MEMPHIS, Tenn.--(BUSINESS WIRE)--Wright Medical Group, Inc. (NASDAQ: WMGI) today announced the closing of the transaction to divest its OrthoRecon business to MicroPort Scientific Corporation (HK: 0853) and its affiliates. The closing of the transaction occurred on January 9, 2014.
Robert Palmisano, president and chief executive officer of Wright Medical, stated, “With the divestiture of our OrthoRecon business, Wright’s transition to a high-growth, pure play global Extremities and Biologics company is complete. We will now be able to devote our full resources and attention towards accelerating growth opportunities in this area, including improving sales productivity, extending the global reach and penetration of our products in key international markets, pursuing targeted new business development opportunities, and improving gross margin and EBITDA. We believe this will enhance our ability to create significant shareholder value.”

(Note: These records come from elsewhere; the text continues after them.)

text \<open>A sign change of \<open>d\<close> after the last nonzero coordinate of \<open>c\<close> could be removed by
  freezing, which would push the lower variation of \<open>c\<close> below that of \<open>d\<close>.\<close>

lemma last_nonzero_sgn_if_sgn_agree:
  assumes agree: "sgn_agree_on_support m c d"
    and eq: "lower_var m c = lower_var m d"
    and p: "is_last_nonzero m c p" and q: "is_last_nonzero m d q"
  shows "sgn (d q) = sgn (c p)"
proof (rule ccontr)
  assume sgn_ne: "sgn (d q) \<noteq> sgn (c p)"
  have "sgn (d p) = sgn (c p)" using agree p by (simp add: sgn_agree_on_support_def is_last_nonzero_def)
  then have "d p \<noteq> 0" using p by (auto simp: is_last_nonzero_def sgn_zero_iff)
  then have pq: "p \<le> q" using p q by (meson is_last_nonzero_def not_le atLeastAtMost_iff)
  obtain s where s: "sign_assignment m d s" "sign_changes m s = lower_var m d"
    using lower_var_attained by blast
  have "s p = sgn (d p)" "s q = sgn (d q)"
    using s(1) p q \<open>d p \<noteq> 0\<close> by (auto simp: is_last_nonzero_def sign_assignment_def)
  moreover have "\<And>i. i \<in> {p..q} \<Longrightarrow> s i = 1 \<or> s i = -1"
    using s(1) p q by (auto simp: is_last_nonzero_def sign_assignment_def)
  ultimately obtain i where i: "i \<in> {p..<q}" "s i * s (i + 1) < 0"
    using sign_change_between[OF _ pq] sgn_ne \<open>sgn (d p) = sgn (c p)\<close> by metis
  have s_c: "sign_assignment m c s" by (rule sign_assignment_if_sgn_agree[OF agree s(1)])
  have p_bounds: "1 \<le> p" "p \<le> m" "s p = 1 \<or> s p = -1"
    using p sign_assignment_pm1[OF s_c] by (auto simp: is_last_nonzero_def)
  have "lower_var m c \<le> sign_changes m (freeze_after p s)"
    by (rule lower_var_le[OF sign_assignment_freeze_after[OF s_c p]])
  also have "\<dots> = sign_changes p s" using sign_changes_freeze_after p_bounds by simp
  also have "\<dots> < sign_changes m s"
    using sign_changes_less[OF p_bounds(1) _ _ i(2)] i(1) q by (auto simp: is_last_nonzero_def)
  finally show False using eq s(2) by simp
qed

definition closed_crooked_cond :: "nat \<Rightarrow> nat \<Rightarrow> (nat \<Rightarrow> real) \<Rightarrow> bool" where
  "closed_crooked_cond m k c \<longleftrightarrow> lower_var m c \<le> k \<and>
     (lower_var m c = k \<longrightarrow> (\<exists>i\<in>{1..m}. c i > 0 \<and> (\<forall>j. i < j \<and> j \<le> m \<longrightarrow> c j = 0)))"

definition open_crooked_cond :: "nat \<Rightarrow> nat \<Rightarrow> (nat \<Rightarrow> real) \<Rightarrow> bool" where
  "open_crooked_cond m k c \<longleftrightarrow> upper_var m c \<le> k \<and>
     (upper_var m c = k \<longrightarrow>
        (\<exists>s. sign_assignment m c s \<and> sign_changes m s = upper_var m c \<and> s m = 1))"

lemma closed_crooked_cond_iff:
  "closed_crooked_cond m k c \<longleftrightarrow> lower_var m c \<le> k \<and>
     (lower_var m c = k \<longrightarrow> (\<exists>p. is_last_nonzero m c p \<and> c p > 0))"
  unfolding closed_crooked_cond_def is_last_nonzero_def by force

lemma open_crooked_cond_imp_closed:
  assumes "1 \<le> k" "open_crooked_cond m k c"
  shows "closed_crooked_cond m k c"
  unfolding closed_crooked_cond_iff
proof (intro conjI impI)
  have up: "upper_var m c \<le> k" using assms(2) by (simp add: open_crooked_cond_def)
  then show "lower_var m c \<le> k" using lower_var_le_upper_var le_trans by blast
  assume low: "lower_var m c = k"
  then have "lower_var m c > 0" using assms(1) by simp
  then obtain p where p: "is_last_nonzero m c p" by (rule last_nonzero_if_lower_var_pos)
  have "upper_var m c = k" using lower_var_le_upper_var[of m c] up low by simp
  then have "p = m" using lower_var_less_upper_var[OF p] low p
    by (force simp: is_last_nonzero_def)
  obtain s where "sign_assignment m c s" "s m = 1"
    using assms(2) \<open>upper_var m c = k\<close> by (auto simp: open_crooked_cond_def)
  then have "sgn (c p) = 1" using p \<open>p = m\<close> by (auto simp: is_last_nonzero_def sign_assignment_def)
  then show "\<exists>p. is_last_nonzero m c p \<and> c p > 0" using p by (auto simp: sgn_1_pos)
qed

definition fill_zeros :: "nat \<Rightarrow> (nat \<Rightarrow> real) \<Rightarrow> (nat \<Rightarrow> real) \<Rightarrow> nat \<Rightarrow> real" where
  "fill_zeros m c s j = (if j \<in> {1..m} \<and> c j = 0 then s j else 0)"

lemma fill_zeros_nonzero:
  assumes "sign_assignment m c s" "t > 0" "j \<in> {1..m}"
  shows "c j + t * fill_zeros m c s j \<noteq> 0 \<and> sgn (c j + t * fill_zeros m c s j) = s j"
proof (cases "c j = 0")
  case True
  then show ?thesis using sign_assignment_pm1[OF assms(1,3)] assms(2,3)
    by (auto simp: fill_zeros_def sgn_mult)
next
  case False
  then show ?thesis using sign_assignment_nonzero[OF assms(1,3)] by (simp add: fill_zeros_def)
qed

lemma upper_var_fill_zeros:
  assumes "sign_assignment m c s" "t > 0"
  shows "sign_assignment m (\<lambda>j. c j + t * fill_zeros m c s j) s"
    and "upper_var m (\<lambda>j. c j + t * fill_zeros m c s j) = sign_changes m s"
proof -
  note filled = fill_zeros_nonzero[OF assms]
  show assigned: "sign_assignment m (\<lambda>j. c j + t * fill_zeros m c s j) s"
    using filled sign_assignment_pm1[OF assms(1)] by (simp add: sign_assignment_def)
  show "upper_var m (\<lambda>j. c j + t * fill_zeros m c s j) = sign_changes m s"
    using upper_var_nonzero[OF _ assigned] filled by blast
qed

lemma closed_crooked_cond_perturb:
  assumes "closed_crooked_cond m k c"
  obtains f where "\<And>j. j \<notin> {1..m} \<Longrightarrow> f j = 0"
    and "\<And>t. t > 0 \<Longrightarrow> open_crooked_cond m k (\<lambda>j. c j + t * f j)"
proof -
  obtain s where s: "sign_assignment m c s" "sign_changes m s = lower_var m c"
    and s_last: "lower_var m c = k \<Longrightarrow> s m = 1"
  proof (cases "lower_var m c = k")
    case True
    then obtain p where "is_last_nonzero m c p" "c p > 0"
      using assms unfolding closed_crooked_cond_iff by blast
    then show ?thesis using that lower_var_attained_frozen by (metis sgn_pos)
  next
    case False
    then show ?thesis using that lower_var_attained by metis
  qed
  show ?thesis
  proof (rule that[of "fill_zeros m c s"])
    show "fill_zeros m c s j = 0" if "j \<notin> {1..m}" for j
      using that by (auto simp: fill_zeros_def)
    have "lower_var m c \<le> k" using assms by (simp add: closed_crooked_cond_def)
    then show "open_crooked_cond m k (\<lambda>j. c j + t * fill_zeros m c s j)" if "t > 0" for t
      using upper_var_fill_zeros[OF s(1) that] s s_last by (auto simp: open_crooked_cond_def)
  qed
qed

lemma closed_crooked_cond_if_sgn_agree:
  assumes "1 \<le> k" "sgn_agree_on_support m c d" "closed_crooked_cond m k d"
  shows "closed_crooked_cond m k c"
  unfolding closed_crooked_cond_iff
proof (intro conjI impI)
  have le: "lower_var m c \<le> lower_var m d" by (rule lower_var_mono_if_sgn_agree[OF assms(2)])
  then show "lower_var m c \<le> k" using assms(3) by (simp add: closed_crooked_cond_def)
  assume low: "lower_var m c = k"
  then have eq: "lower_var m d = lower_var m c"
    using le assms(3) by (simp add: closed_crooked_cond_def)
  then have "lower_var m d = k" using low by simp
  then obtain q where q: "is_last_nonzero m d q" "d q > 0"
    using assms(3) unfolding closed_crooked_cond_iff by blast
  have "lower_var m c > 0" using low assms(1) by simp
  then obtain p where p: "is_last_nonzero m c p" by (rule last_nonzero_if_lower_var_pos)
  have "sgn (c p) = sgn (d q)"
    using last_nonzero_sgn_if_sgn_agree[OF assms(2) eq[symmetric] p q(1)] by simp
  then have "c p > 0" using q(2) by (simp add: sgn_1_pos)
  then show "\<exists>p. is_last_nonzero m c p \<and> c p > 0" using p by blast
qed

section \<open>Coordinates in a \<open>J\<close>-basis\<close>

definition lincomb :: "nat \<Rightarrow> (nat \<Rightarrow> nat \<Rightarrow> real) \<Rightarrow> (nat \<Rightarrow> real) \<Rightarrow> nat \<Rightarrow> real" where
  "lincomb n E g = (\<lambda>k. \<Sum>i\<in>{1..dimN n}. g i * E i k)"

text \<open>Since the Gram matrix is \<open>J\<close>, the basis vector \<open>E\<^sub>j\<close> pairs nontrivially only with
  \<open>E\<^sub>4\<^sub>n\<^sub>-\<^sub>j\<close>, so the \<open>j\<close>-th coordinate is read off by pairing with \<open>E\<^sub>4\<^sub>n\<^sub>-\<^sub>j\<close>.\<close>

definition dual_coords :: "nat \<Rightarrow> (nat \<Rightarrow> nat \<Rightarrow> real) \<Rightarrow> (nat \<Rightarrow> real) \<Rightarrow> nat \<Rightarrow> real" where
  "dual_coords n E v j = (if j \<in> {1..dimN n} then (-1) ^ j * Jform n (E (4 * n - j)) v else 0)"

lemma Jform_lincomb:
  "Jform n u (lincomb n E g) = (\<Sum>j\<in>{1..dimN n}. g j * Jform n u (E j))"
proof -
  let ?I = "{1..dimN n}"
  have "Jform n u (lincomb n E g)
      = (\<Sum>i\<in>?I. \<Sum>k\<in>?I. \<Sum>j\<in>?I. u i * Jmat n i k * (g j * E j k))"
    by (simp add: Jform_def lincomb_def sum_distrib_left)
  also have "\<dots> = (\<Sum>i\<in>?I. \<Sum>j\<in>?I. \<Sum>k\<in>?I. u i * Jmat n i k * (g j * E j k))"
    by (rule sum.cong[OF refl], rule sum.swap)
  also have "\<dots> = (\<Sum>j\<in>?I. \<Sum>i\<in>?I. \<Sum>k\<in>?I. u i * Jmat n i k * (g j * E j k))"
    by (rule sum.swap)
  also have "\<dots> = (\<Sum>j\<in>?I. g j * Jform n u (E j))"
    by (simp add: Jform_def sum_distrib_left mult_ac)
  finally show ?thesis .
qed

lemma sum_mult_Jmat:
  assumes "i \<in> {1..dimN n}"
  shows "(\<Sum>j\<in>{1..dimN n}. g j * Jmat n i j) = g (4 * n - i) * (-1) ^ i"
proof -
  have "(\<Sum>j\<in>{1..dimN n}. g j * Jmat n i j)
      = (\<Sum>j\<in>{1..dimN n}. if j = 4 * n - i then g j * (-1) ^ i else 0)"
    using assms by (intro sum.cong) (auto simp: Jmat_def dimN_def)
  also have "\<dots> = g (4 * n - i) * (-1) ^ i"
    using assms by (auto simp: dimN_def)
  finally show ?thesis .
qed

As a result of closing this transaction, the company plans to provide additional details regarding the financial impact of the transaction and 2014 financial guidance on its fourth quarter 2013 conference call, which is currently scheduled for February 24, 2014.
About Wright Medical
Wright Medical Group, Inc. is a specialty orthopaedic company that provides extremity and biologic solutions that enable clinicians to alleviate pain and restore their patients’ lifestyles. The company is the recognized leader of surgical solutions for the foot and ankle market, one of the fastest growing segments in medical technology, and markets its products in over 60 countries worldwide. For more information about Wright Medical, visit www.wmt.com.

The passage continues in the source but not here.